Le gouvernement a pêché par excès d’optimisme. Il avait des lunettes roses. Les Québécois ont adhéré à ce message, et maintenant on en paye tous le prix.

Une citation de :Joël Arsenault, député du Parti québécois

Appelant le premier ministre et son équipe à entamer un examen de conscience, le député des Îles-de-la-Madeleine s'est interrogé sur la lecture que faisait le gouvernement des avis de la santé publique.

Depuis un mois le gouvernement envoie le signal […] qu’on peut relâcher, qu’on peut ouvrir les commerces et les restaurants, repousser le couvre-feu [et que] les vallées verdoyantes sont à nos portes , a-t-il ironisé.

Un homme portant des lunettes.

Le député Joël Arsenault est le porte-parole du Parti québécois en matière de santé et de services sociaux.

Photo : Radio-Canada / Sylvain Roy Roussel

Pourtant, les appels à la prudence n'ont pas manqué de se faire entendre ces dernières semaines alors que le nombre de nouveaux cas quotidiens a recommencé à grimper dans la province.

En entrevue à Tout un matin, jeudi, le ministre Dubé a défendu la réponse « rapide » du gouvernement, expliquant sa volte-face par la vitesse à laquelle le variant se répand.

À l'Assemblée nationale, le premier ministre Legault a répondu aux critiques en rappelant la hausse rapide des cas de COVID-19 dans plusieurs régions qui a forcé son gouvernement à prendre des décisions dans de très courts délais. Le Québec, a-t-il ajouté, est la province qui a agi le plus rapidement.
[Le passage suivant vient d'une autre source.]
lemma meeting_codeword_dim2:
  assumes "4 < n" and inj: "inj_on x {..<m}" and c: "c \<in> code n 2 g" "c' \<in> code n 2 g"
    and u: "u \<notin> Ssub n 2 g c" and meet: "affine_translate u (Ssub n 2 g c) \<inter> Ssub n 2 g c' \<noteq> {}"
    and m: "m = n - 3" and x: "\<And>p. x p = g ^ (p + 1)"
    and w: "\<And>p. w p = residual n 2 g c u (2 + p)" and z: "z = residual n 2 g c u (n - 1)"
  obtains (linear) t where "c' = shift_vec m c w t" "\<exists>p<m. w p \<noteq> 0"
    "(\<Sum>p<m. (c p + t * w p) ^ (p + 2)) = (\<Sum>p<m. c p ^ (p + 2)) + z * t"
  | (fraction) r t where "r \<in> fraction_params m x w" "c' = shift_vec m c (fraction_vec m x w r) t"
    "r * (\<Sum>p<m. (c p + t * fraction_vec m x w r p) ^ (p + 2))
       + (\<Sum>p<m. (c p + t * fraction_vec m x w r p) ^ (m + p + 2))
     = r * (\<Sum>p<m. c p ^ (p + 2)) + (\<Sum>p<m. c p ^ (m + p + 2)) + z * t"
proof -
  have "2 < n" using \<open>4 < n\<close> by simp
  obtain b where "\<exists>t<2. b t \<noteq> 0" "c' \<noteq> c"
    and mid: "\<And>p. p < n - 2 - 1 \<Longrightarrow>
      (\<Sum>t<2. b t * (g ^ (p + 1)) ^ t) * (c' p - c p) = residual n 2 g c u (2 + p)"
    and last: "(\<Sum>t<2. b t * ((\<Sum>p<n - 2 - 1. c' p ^ (t * (n - 2 - 1) + p + 2))
                      - (\<Sum>p<n - 2 - 1. c p ^ (t * (n - 2 - 1) + p + 2))))
      = residual n 2 g c u (n - 1)"
    using translate_meets_Ssub_equations[OF \<open>2 < n\<close> u meet] by blast
  have m': "n - 2 - 1 = m" by (simp add: m)
  have vecs: "c \<in> vecs m" "c' \<in> vecs m" using code_in_vecs[OF c(1)] code_in_vecs[OF c(2)] unfolding m' .
  obtain j where j: "c' j \<noteq> c j" using \<open>c' \<noteq> c\<close> by (auto simp: fun_eq_iff)
  have "j < m" using less_if_vecs_differ[OF vecs(2,1) j] .
  show thesis
  proof (rule dim2_difference_cases[OF inj, where a = "b 0" and b = "b 1" and c' = c' and c = c
        and w = w and z = z and j = j])
    show "(b 0 + b 1 * x p) * (c' p - c p) = w p" if "p < m" for p
      using mid[of p] that unfolding m' by (simp add: x w numeral_2_eq_2)
    show "b 0 * ((\<Sum>p<m. c' p ^ (p + 2)) - (\<Sum>p<m. c p ^ (p + 2)))
        + b 1 * ((\<Sum>p<m. c' p ^ (m + p + 2)) - (\<Sum>p<m. c p ^ (m + p + 2))) = z"
      using last unfolding m' by (simp add: z numeral_2_eq_2 del: power_Suc)
    show "(\<Sum>p<m. c' p - c p) = 0"
      using code_power_sum[OF c(1), of 0] code_power_sum[OF c(2), of 0] unfolding m'
      by (simp add: sum_subtractf)
    show "j < m" "c' j \<noteq> c j" by (fact \<open>j < m\<close>, fact j)
    show "b 0 \<noteq> 0 \<or> b 1 \<noteq> 0" using \<open>\<exists>t<2. b t \<noteq> 0\<close> by (auto simp: less_Suc_eq numeral_2_eq_2)
  next
    fix t assume "\<And>p. p < m \<Longrightarrow> c' p = c p + t * w p" "w j \<noteq> 0"
      "(\<Sum>p<m. (c p + t * w p) ^ (p + 2)) = (\<Sum>p<m. c p ^ (p + 2)) + z * t"
    then show thesis using \<open>j < m\<close> code_eq_shift_vec[OF vecs] by (intro linear) auto
  next
    fix r t assume "r \<in> fraction_params m x w" "\<And>p. p < m \<Longrightarrow> c' p = c p + t * fraction_vec m x w r p"
      "r * (\<Sum>p<m. (c p + t * fraction_vec m x w r p) ^ (p + 2))
         + (\<Sum>p<m. (c p + t * fraction_vec m x w r p) ^ (m + p + 2))
       = r * (\<Sum>p<m. c p ^ (p + 2)) + (\<Sum>p<m. c p ^ (m + p + 2)) + z * t"
    then show thesis using code_eq_shift_vec[OF vecs] by (intro fraction) auto
  qed
qed

lemma card_meeting_codewords_dim2:
  fixes g :: "'a::{finite,field}"
  assumes n: "4 < n" and q: "2 * n \<le> card (UNIV :: 'a set)" and g: "primitive_element g"
    and c: "c \<in> code n 2 g" and u: "u \<notin> Ssub n 2 g c"
  shows "card {c'\<in>code n 2 g. affine_translate u (Ssub n 2 g c) \<inter> Ssub n 2 g c' \<noteq> {}}
    \<le> 1 + 2 * (n - 2) * (2 * n - 6)"
proof -
  define m where "m = n - 3"
  define x where "x p = g ^ (p + 1)" for p
  define w where "w p = residual n 2 g c u (2 + p)" for p
  define z where "z = residual n 2 g c u (n - 1)"
  define E where "E = fraction_vec m x w"
  define roots0 where "roots0 = {t. (\<Sum>p<m. (c p + t * w p) ^ (p + 2)) = (\<Sum>p<m. c p ^ (p + 2)) + z * t}"
  define roots where "roots r = {t. r * (\<Sum>p<m. (c p + t * E r p) ^ (p + 2))
      + (\<Sum>p<m. (c p + t * E r p) ^ (m + p + 2))
      = r * (\<Sum>p<m. c p ^ (p + 2)) + (\<Sum>p<m. c p ^ (m + p + 2)) + z * t}" for r
  define A0 where "A0 = (if \<exists>p<m. w p \<noteq> 0 then shift_vec m c w ` roots0 else {})"
  have "m + 1 \<le> card (UNIV :: 'a set) - 1" using n q by (simp add: m_def)
  then have "inj_on (\<lambda>p. g ^ p) {..<m + 1}"
    using inj_on_subset[OF primitive_element_inj_on_power[OF g]] by auto
  then have inj: "inj_on x {..<m}" unfolding x_def by (rule inj_on_shift_lessThan)
  have "{c'\<in>code n 2 g. affine_translate u (Ssub n 2 g c) \<inter> Ssub n 2 g c' \<noteq> {}}
      \<subseteq> A0 \<union> (\<Union>r\<in>fraction_params m x w. shift_vec m c (E r) ` roots r)"
  proof (rule subsetI, elim CollectE conjE)
    fix c' assume "c' \<in> code n 2 g" "affine_translate u (Ssub n 2 g c) \<inter> Ssub n 2 g c' \<noteq> {}"
    then show "c' \<in> A0 \<union> (\<Union>r\<in>fraction_params m x w. shift_vec m c (E r) ` roots r)"
      by (cases rule: meeting_codeword_dim2[OF n inj c _ u _ m_def x_def w_def z_def])
        (auto simp: A0_def roots0_def roots_def E_def)
  qed
  then have "card {c'\<in>code n 2 g. affine_translate u (Ssub n 2 g c) \<inter> Ssub n 2 g c' \<noteq> {}}
      \<le> (m + 1) + 2 * m * (2 * m + 1)"
  proof (rule card_le_if_subset_Un_UN)
    show "card A0 \<le> m + 1"
    proof (cases "\<exists>p<m. w p \<noteq> 0")
      case True
      then obtain p0 where "p0 < m" "w p0 \<noteq> 0" by blast
      then have "card roots0 \<le> m + 1" unfolding roots0_def by (rule card_roots_power_sum)
      then show ?thesis using True card_image_le[of roots0 "shift_vec m c w"] by (simp add: A0_def)
    qed (auto simp: A0_def)
    show "card (shift_vec m c (E r) ` roots r) \<le> 2 * m + 1" if r: "r \<in> fraction_params m x w" for r
    proof -
      obtain p0 where "p0 < m" "E r p0 \<noteq> 0" using r by (auto simp: fraction_params_def E_def)
      then have "card (roots r) \<le> 2 * m + 1" unfolding roots_def by (rule card_roots_two_power_sums)
      then show ?thesis using card_image_le[of "roots r" "shift_vec m c (E r)"] by simp
    qed
  qed (simp_all add: A0_def card_fraction_params[OF inj])
  also have "\<dots> \<le> 1 + 2 * (n - 2) * (2 * n - 6)"
  proof -
    have "n = m + 3" using n by (simp add: m_def)
    then show ?thesis by (simp add: add_mult_distrib add_mult_distrib2)
  qed
  finally show ?thesis .
qed

lemma AAD_Ffam_if_card_meeting_le:
  fixes g :: "'a::{finite,field}"
  assumes nk: "2 * k < n" and q: "n * k \<le> card (UNIV :: 'a set)" and g: "primitive_element g"
    and count: "\<And>c u. c \<in> code n k g \<Longrightarrow> u \<notin> Ssub n k g c \<Longrightarrow>
      card {c'\<in>code n k g. affine_translate u (Ssub n k g c) \<inter> Ssub n k g c' \<noteq> {}} \<le> L"
  shows "AAD n k L (Ffam n k g)"
  unfolding AAD_def
proof (intro conjI ballI impI)
  show "2 * k < n" by (rule nk)
next
  fix S assume "S \<in> Ffam n k g"
  then show "kdim_subspace n k S" using kdim_subspace_Ssub[OF nk] by (auto simp: Ffam_def)
next
  fix S T assume "S \<in> Ffam n k g" "T \<in> Ffam n k g" "S \<noteq> T"
  then show "S \<inter> T = {zvec}" using Ssub_inter_Ssub[OF nk q g] by (auto simp: Ffam_def)
next
  fix S u assume "S \<in> Ffam n k g" "u \<in> vecs n - S"
  then obtain c where c: "c \<in> code n k g" "S = Ssub n k g c" and u: "u \<notin> Ssub n k g c"
    by (auto simp: Ffam_def)
  let ?C = "{c'\<in>code n k g. affine_translate u (Ssub n k g c) \<inter> Ssub n k g c' \<noteq> {}}"
  have "{T\<in>Ffam n k g. affine_translate u S \<inter> T \<noteq> {}} = Ssub n k g ` ?C"
    using c(2) by (auto simp: Ffam_def)
  then have "card {T\<in>Ffam n k g. affine_translate u S \<inter> T \<noteq> {}} \<le> card ?C"
    using finite_code[of n k g] by (simp add: card_image_le)
  also have "\<dots> \<le> L" using count[OF c(1) u] .
  finally show "card {T\<in>Ffam n k g. affine_translate u S \<inter> T \<noteq> {}} \<le> L" .
qed

theorem mainTheorem10:
  fixes n k :: nat and g :: "'a::{finite,field}"
  assumes "n > 2 * k"
    and "card (UNIV :: 'a set) \<ge> n * k"
    and "primitive_element g"
  shows "(\<forall>c\<in>code n k g. kdim_subspace n k (Ssub n k g c))
       \<and> (\<forall>c\<in>code n k g. \<forall>c'\<in>code n k g. c \<noteq> c' \<longrightarrow> Ssub n k g c \<inter> Ssub n k g c' = {zvec})
       \<and> (k = 1 \<longrightarrow> AAD n 1 (n - 1) (Ffam n 1 g))
       \<and> (k = 2 \<longrightarrow> AAD n 2 (1 + 2 * (n - 2) * (2 * n - 6)) (Ffam n 2 g))"
proof (intro conjI ballI impI)
  show "kdim_subspace n k (Ssub n k g c)" for c by (rule kdim_subspace_Ssub[OF assms(1)])
  show "Ssub n k g c \<inter> Ssub n k g c' = {zvec}"
    if "c \<in> code n k g" "c' \<in> code n k g" "c \<noteq> c'" for c c'
    using Ssub_inter_Ssub[OF assms that] .
  show "AAD n 1 (n - 1) (Ffam n 1 g)" if "k = 1"
    using assms that
    by (intro AAD_Ffam_if_card_meeting_le card_meeting_codewords_dim1) auto
  show "AAD n 2 (1 + 2 * (n - 2) * (2 * n - 6)) (Ffam n 2 g)" if "k = 2"
    using assms that
    by (intro AAD_Ffam_if_card_meeting_le card_meeting_codewords_dim2) (auto simp: mult.commute)
qed

end
lemma Khintchine_upper:
  fixes c :: "'a \<Rightarrow> complex"
  assumes "finite S" "0 < p"
  shows "sign_average S (\<lambda>e. cmod (signed_sum S c e) powr p) \<le> khintchine_const p * L2_set (\<lambda>i. cmod (c i)) S powr p"
proof (cases "L2_set (\<lambda>i. cmod (c i)) S = 0")
  case True
  then have "signed_sum S c e = 0" for e
    using assms(1) by (simp add: L2_set_eq_0_iff signed_sum_def)
  then show ?thesis using True assms(1) by (simp add: sign_average_const)
next
  case False
  define \<sigma> where "\<sigma> = L2_set (\<lambda>i. cmod (c i)) S"
  have \<sigma>: "0 < \<sigma>" using False by (simp add: \<sigma>_def order_less_le)
  define c' where "c' = (\<lambda>i. c i / of_real \<sigma>)"
  have normalized: "(\<Sum>i\<in>S. (cmod (c' i))\<^sup>2) = 1"
    using \<sigma> unfolding c'_def \<sigma>_def L2_set_def
    by (simp add: norm_divide power_divide sum_nonneg flip: sum_divide_distrib)
  have "cmod (signed_sum S c e) powr p \<le> \<sigma> powr p * (1 + fact (nat \<lceil>p\<rceil>) * exp (cmod (signed_sum S c' e)))"
    for e
  proof -
    have "signed_sum S c e = of_real \<sigma> * signed_sum S c' e"
      using \<sigma> by (simp add: signed_sum_def c'_def sum_distrib_left)
    then show ?thesis
      using \<sigma> assms(2) by (simp add: norm_mult powr_mult powr_le_one_plus_fact_mult_exp)
  qed
  then have "sign_average S (\<lambda>e. cmod (signed_sum S c e) powr p)
      \<le> sign_average S (\<lambda>e. \<sigma> powr p * (1 + fact (nat \<lceil>p\<rceil>) * exp (cmod (signed_sum S c' e))))"
    by (intro sign_average_mono)
  also have "\<dots> = \<sigma> powr p * (1 + fact (nat \<lceil>p\<rceil>) * sign_average S (\<lambda>e. exp (cmod (signed_sum S c' e))))"
    by (simp only: sign_average_mult_left sign_average_add sign_average_const[OF assms(1)])
  also have "\<dots> \<le> \<sigma> powr p * (1 + fact (nat \<lceil>p\<rceil>) * (2 * exp 2))"
    using sign_average_exp_norm_signed_sum_le[OF assms(1), of c'] normalized
    by (intro mult_left_mono add_left_mono) auto
  finally show ?thesis
    unfolding \<sigma>_def khintchine_const_def by (simp add: algebra_simps)
qed

lemma Lp_norm_nonneg: "0 \<le> Lp_norm p f"
  unfolding Lp_norm_def by simp

lemma Lp_norm_powr: "0 < p \<Longrightarrow> Lp_norm p f powr p = (\<integral>x. cmod (f x) powr p \<partial>lebesgue)"
  unfolding Lp_norm_def by (simp add: powr_powr integral_nonneg_AE)

lemma memLp_add:
  assumes "0 < p" "memLp p f" "memLp p g"
  shows "memLp p (\<lambda>x. f x + g x)"
proof -
  have [measurable]: "f \<in> borel_measurable lebesgue" "g \<in> borel_measurable lebesgue"
    using assms by (auto simp: memLp_def)
  have pointwise: "cmod (a + b) powr p \<le> 2 powr p * (cmod a powr p + cmod b powr p)" for a b :: complex
  proof -
    have "cmod (a + b) powr p \<le> (2 * max (cmod a) (cmod b)) powr p"
      using assms(1) norm_triangle_ineq[of a b] by (intro powr_mono2) auto
    also have "\<dots> = 2 powr p * max (cmod a) (cmod b) powr p"
      by (simp add: powr_mult)
    also have "\<dots> \<le> 2 powr p * (cmod a powr p + cmod b powr p)"
      by (intro mult_left_mono) (auto simp: max_def)
    finally show ?thesis .
  qed
  have "integrable lebesgue (\<lambda>x. cmod (f x + g x) powr p)"
  proof (rule Bochner_Integration.integrable_bound)
    show "integrable lebesgue (\<lambda>x. 2 powr p * (cmod (f x) powr p + cmod (g x) powr p))"
      using assms(2,3) by (auto simp: memLp_def)
    show "(\<lambda>x. cmod (f x + g x) powr p) \<in> borel_measurable lebesgue"
      by measurable
    show "AE x in lebesgue. norm (cmod (f x + g x) powr p)
        \<le> norm (2 powr p * (cmod (f x) powr p + cmod (g x) powr p))"
      using pointwise by (auto intro!: AE_I2)
  qed
  then show ?thesis unfolding memLp_def by auto
qed

lemma memLp_mult_left:
  assumes "memLp p f"
  shows "memLp p (\<lambda>x. c * f x)"
proof -
  have [measurable]: "f \<in> borel_measurable lebesgue" and "integrable lebesgue (\<lambda>x. cmod (f x) powr p)"
    using assms by (auto simp: memLp_def)
  then have "integrable lebesgue (\<lambda>x. cmod c powr p * cmod (f x) powr p)"
    by simp
  then show ?thesis
    unfolding memLp_def by (simp add: norm_mult powr_mult)
qed

lemma memLp_sum:
  assumes "0 < p" "\<And>i. i \<in> F \<Longrightarrow> memLp p (f i)"
  shows "memLp p (\<lambda>x. \<Sum>i\<in>F. f i x)"
  using assms(2)
proof (induction F rule: infinite_finite_induct)
  case (insert i F)
  then show ?case using memLp_add[OF assms(1)] by simp
qed (simp_all add: memLp_def)

lemma memLp_diff: "0 < p \<Longrightarrow> memLp p f \<Longrightarrow> memLp p g \<Longrightarrow> memLp p (\<lambda>x. f x - g x)"
  using memLp_add[of p f "\<lambda>x. - 1 * g x"] memLp_mult_left[of p g "- 1"] by simp
definition lin_ext :: "('x \<Rightarrow> 'y \<Rightarrow> 'k::field) \<Rightarrow> ('x \<Rightarrow> 'k) \<Rightarrow> 'y \<Rightarrow> 'k" where
  "lin_ext G f = (\<lambda>s. \<Sum>t\<in>{t. f t \<noteq> 0}. f t * G t s)"

lemma lin_ext_eq_sum:
  assumes "finite S" "{t. f t \<noteq> 0} \<subseteq> S"
  shows "lin_ext G f s = (\<Sum>t\<in>S. f t * G t s)"
  unfolding lin_ext_def by (rule sum.mono_neutral_left[OF assms]) auto

lemma lin_ext_cong: "(\<And>t. f t \<noteq> 0 \<Longrightarrow> G t = G' t) \<Longrightarrow> lin_ext G f = lin_ext G' f"
  unfolding lin_ext_def by (intro ext sum.cong) auto

lemma finite_support_lincomb:
  "finite_support f \<Longrightarrow> finite_support g \<Longrightarrow> finite_support (\<lambda>s. c * f s + (g s :: 'k::field))"
  by (rule finite_subset[of _ "{t. f t \<noteq> 0} \<union> {t. g t \<noteq> 0}"]) auto

lemma finite_support_gen: "finite_support (gen t :: _ \<Rightarrow> 'k::zero_neq_one)"
  by (rule finite_subset[of _ "{t}"]) (auto simp: gen_def)

lemma lin_ext_lincomb:
  assumes "finite_support f" "finite_support g"
  shows "lin_ext G (\<lambda>s. c * f s + g s) = (\<lambda>s'. c * lin_ext G f s' + lin_ext G g s')"
proof
  fix s'
  let ?S = "{t. f t \<noteq> 0} \<union> {t. g t \<noteq> 0}"
  have S: "finite ?S" using assms by auto
  have "lin_ext G (\<lambda>s. c * f s + g s) s' = (\<Sum>t\<in>?S. (c * f t + g t) * G t s')"
    by (rule lin_ext_eq_sum[OF S]) auto
  also have "\<dots> = c * (\<Sum>t\<in>?S. f t * G t s') + (\<Sum>t\<in>?S. g t * G t s')"
    by (simp add: distrib_right sum.distrib sum_distrib_left mult.assoc)
  also have "\<dots> = c * lin_ext G f s' + lin_ext G g s'"
    by (simp add: lin_ext_eq_sum[OF S])
  finally show "lin_ext G (\<lambda>s. c * f s + g s) s' = c * lin_ext G f s' + lin_ext G g s'" .
qed

lemma lin_ext_zero: "lin_ext G (\<lambda>s. 0) = (\<lambda>s. 0)"
  by (simp add: lin_ext_def)

lemma lin_ext_gen: "lin_ext G (gen t) = G t"
proof
  fix s show "lin_ext G (gen t) s = G t s"
    by (subst lin_ext_eq_sum[of "{t}"]) (auto simp: gen_def)
qed

lemma lin_ext_diff:
  assumes "finite_support f" "finite_support g"
  shows "lin_ext G (\<lambda>s. f s - g s) = (\<lambda>s. lin_ext G f s - lin_ext G g s)"
  using lin_ext_lincomb[OF assms(2,1), of G "-1"] by simp

lemma lin_ext_scale:
  assumes "finite_support f"
  shows "lin_ext G (\<lambda>s. c * f s) = (\<lambda>s. c * lin_ext G f s)"
  using lin_ext_lincomb[OF assms, of "\<lambda>s. 0" G c] by (simp add: lin_ext_zero)

lemma lin_ext_gen_diff_scale:
  "lin_ext G (\<lambda>s. gen a s - c * gen b s) = (\<lambda>s. G a s - c * G b s)"
  by (simp add: lin_ext_diff lin_ext_scale lin_ext_gen finite_support_gen
      finite_support_lincomb[OF finite_support_gen, of _ c "\<lambda>s. 0", simplified])

lemma lin_ext_gen_diff_diff:
  "lin_ext G (\<lambda>s. gen a s - gen b s - gen c s) = (\<lambda>s. G a s - G b s - G c s)"
proof -
  have ab: "finite_support (\<lambda>s. gen a s - gen b s :: 'k::field)"
    using finite_support_lincomb[OF finite_support_gen[of b] finite_support_gen[of a], of "-1"]
    by simp
  have "lin_ext G (\<lambda>s. gen a s - gen b s - gen c s)
      = (\<lambda>s. lin_ext G (\<lambda>s. gen a s - gen b s) s - lin_ext G (gen c) s)"
    by (rule lin_ext_diff[OF ab finite_support_gen])
  also have "lin_ext G (\<lambda>s. gen a s - gen b s) = (\<lambda>s. lin_ext G (gen a) s - lin_ext G (gen b) s)"
    by (rule lin_ext_diff[OF finite_support_gen finite_support_gen])
  finally show ?thesis by (simp add: lin_ext_gen)
qed

lemma lin_ext_nonzero_imp:
  assumes "lin_ext G f s \<noteq> 0"
  shows "\<exists>t. f t \<noteq> 0 \<and> G t s \<noteq> 0"
proof -
  obtain t where "t \<in> {t. f t \<noteq> 0}" "f t * G t s \<noteq> 0"
    using assms unfolding lin_ext_def by (rule sum.not_neutral_contains_not_neutral)
  then show ?thesis by auto
qed

lemma finite_support_lin_ext:
  assumes "finite_support f" "\<And>t. finite_support (G t)"
  shows "finite_support (lin_ext G f)"
proof (rule finite_subset)
  show "{s. lin_ext G f s \<noteq> 0} \<subseteq> (\<Union>t\<in>{t. f t \<noteq> 0}. {s. G t s \<noteq> 0})"
    using lin_ext_nonzero_imp by fastforce
  show "finite (\<Union>t\<in>{t. f t \<noteq> 0}. {s. G t s \<noteq> 0})" using assms by auto
qed

lemma finite_support_induct[consumes 1, case_names zero step]:
  fixes f :: "'x \<Rightarrow> 'k::field"
  assumes "finite_support f" "P (\<lambda>s. 0)"
    and "\<And>f c t. finite_support f \<Longrightarrow> P f \<Longrightarrow> P (\<lambda>s. c * gen t s + f s)"
  shows "P f"
proof -
  have "P f" if "finite S" "{t. f t \<noteq> 0} = S" for S and f :: "'x \<Rightarrow> 'k"
    using that
  proof (induction S arbitrary: f rule: finite_induct)
    case empty
    then have "f = (\<lambda>s. 0)" by (auto simp: fun_eq_iff)
    then show ?case using assms(2) by simp
  next
    case (insert t S)
    let ?f' = "f(t := 0)"
    have S: "{s. ?f' s \<noteq> 0} = S" using insert by auto
    have "f = (\<lambda>s. f t * gen t s + ?f' s)" by (auto simp: gen_def)
    then show ?case using assms(3)[of ?f' "f t" t] insert.IH[OF S] insert.hyps(1) S by simp
  qed
  then show ?thesis using assms(1) by blast
qed

lemma lin_ext_lin_ext:
  assumes "finite_support f" "\<And>t. finite_support (G' t)"
  shows "lin_ext G (lin_ext G' f) = lin_ext (\<lambda>t. lin_ext G (G' t)) f"
  using assms(1)
proof (induction f rule: finite_support_induct)
  case zero then show ?case by (simp add: lin_ext_zero)
next
  case (step f c t)
  then show ?case
    using assms(2) by (simp add: lin_ext_lincomb finite_support_gen finite_support_lin_ext lin_ext_gen)
qed

lemma lin_ext_sum:
  assumes "finite I" "\<And>i. i \<in> I \<Longrightarrow> finite_support (v i)"
  shows "lin_ext G (\<lambda>s. \<Sum>i\<in>I. c i * v i s) = (\<lambda>s. \<Sum>i\<in>I. c i * lin_ext G (v i) s)"
  using assms
proof (induction I rule: finite_induct)
  case empty then show ?case by (simp add: lin_ext_zero)
next
  case (insert i I)
  have "finite_support (\<lambda>s. \<Sum>i\<in>I. c i * v i s)"
  proof (rule finite_subset)
    show "{s. (\<Sum>i\<in>I. c i * v i s) \<noteq> 0} \<subseteq> (\<Union>i\<in>I. {s. v i s \<noteq> 0})"
    proof
      fix s assume "s \<in> {s. (\<Sum>i\<in>I. c i * v i s) \<noteq> 0}"
      then obtain i where "i \<in> I" "c i * v i s \<noteq> 0"
        by (auto elim: sum.not_neutral_contains_not_neutral)
      then show "s \<in> (\<Union>i\<in>I. {s. v i s \<noteq> 0})" by auto
    qed
    show "finite (\<Union>i\<in>I. {s. v i s \<noteq> 0})" using insert by simp
  qed
  then show ?case using insert by (simp add: lin_ext_lincomb)
qed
Jeudi, les partis d'opposition ont à nouveau exhorté le gouvernement Legault à publier les avis de santé publique sur lesquels il se base pour prendre ses décisions.

La population a désormais besoin de scénarios clairs, a insisté Dominique Anglade. Nous sommes à la troisième vague et les Québécois [...] doivent savoir où le gouvernement s’en va.